Task brief: If a line in the records below contains the word "assms", copy it.

#####

section \<open>Differentiating solutions of perturbed linear equations\<close>

lemma bounded_bilinear_left_inverse_bound:
  fixes L :: "'y::euclidean_space \<Rightarrow> 'y" and B :: "'x::real_normed_vector \<Rightarrow> 'y \<Rightarrow> 'y"
  assumes "linear L" "inj L" "bounded_bilinear B"
  obtains Li K where "linear Li" "\<And>y. Li (L y) = y" "K > 0"
    "\<And>x y. norm (Li (B x y)) \<le> K * norm x * norm y"
proof -
  obtain Li where Li: "linear Li" "Li \<circ> L = id"
    using linear_injective_left_inverse[OF assms(1,2)] by blast
  obtain b where b: "b > 0" "\<And>y. norm (Li y) \<le> b * norm y"
    using linear_bounded_pos[OF Li(1)] by blast
  obtain c where c: "c > 0" "\<And>x y. norm (B x y) \<le> norm x * norm y * c"
    using bounded_bilinear.pos_bounded[OF assms(3)] by blast
  have bound: "norm (Li (B x y)) \<le> (b * c) * norm x * norm y" for x y
  proof -
    have "norm (Li (B x y)) \<le> b * norm (B x y)"
      by (rule b(2))
    also have "\<dots> \<le> b * (norm x * norm y * c)"
      using b(1) c(2) by (intro mult_left_mono) simp_all
    finally show ?thesis
      by (simp add: algebra_simps)
  qed
  have "Li (L y) = y" for y
    using Li(2) by (metis comp_apply id_apply)
  with Li(1) bound b(1) c(1) show ?thesis
    by (intro that[of Li "b * c"]) simp_all
qed

lemma eventually_inj_bilinear_perturbation:
  fixes L :: "'y::euclidean_space \<Rightarrow> 'y" and B :: "'x::real_normed_vector \<Rightarrow> 'y \<Rightarrow> 'y"
  assumes L: "linear L" "inj L" and B: "bounded_bilinear B"
  shows "\<forall>\<^sub>F x in nhds 0. inj (\<lambda>y. L y + B x y)"
proof -
  obtain Li K where Li: "linear Li" "\<And>y. Li (L y) = y" and "K > 0"
    and bound: "\<And>x y. norm (Li (B x y)) \<le> K * norm x * norm y"
    by (rule bounded_bilinear_left_inverse_bound[OF L B]) (rule that; assumption)
  have "inj (\<lambda>y. L y + B x y)" if x: "norm x < 1 / (2 * K)" for x
  proof -
    have "bounded_linear (\<lambda>y. L y + B x y)"
      using L(1) by (intro bounded_linear_add bounded_bilinear.bounded_linear_right[OF B])
        (simp add: linear_conv_bounded_linear)
    then have lin: "linear (\<lambda>y. L y + B x y)"
      by (rule bounded_linear.linear)
    have "y = 0" if "L y + B x y = 0" for y
    proof -
      have "y = Li (- B x y)"
        using that Li(2)[of y] by (metis add_eq_0_iff2)
      then have "norm y \<le> K * norm x * norm y"
        using bound[of x y] by (simp add: linear_neg[OF Li(1)]) (metis norm_minus_cancel)
      also have "\<dots> \<le> 1/2 * norm y"
        using x \<open>K > 0\<close> by (intro mult_right_mono) (simp_all add: field_simps)
      finally show "y = 0"
        by simp
    qed
    with lin show ?thesis
      using linear_inj_iff_eq_0 by blast
  qed
  moreover have "1 / (2 * K) > 0"
    using \<open>K > 0\<close> by simp
  ultimately show ?thesis
    unfolding eventually_nhds_metric dist_norm diff_zero by blast
qed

#####

Response to the exercise:
    using linear_injective_left_inverse[OF assms(1,2)] by blast
    using bounded_bilinear.pos_bounded[OF assms(3)] by blast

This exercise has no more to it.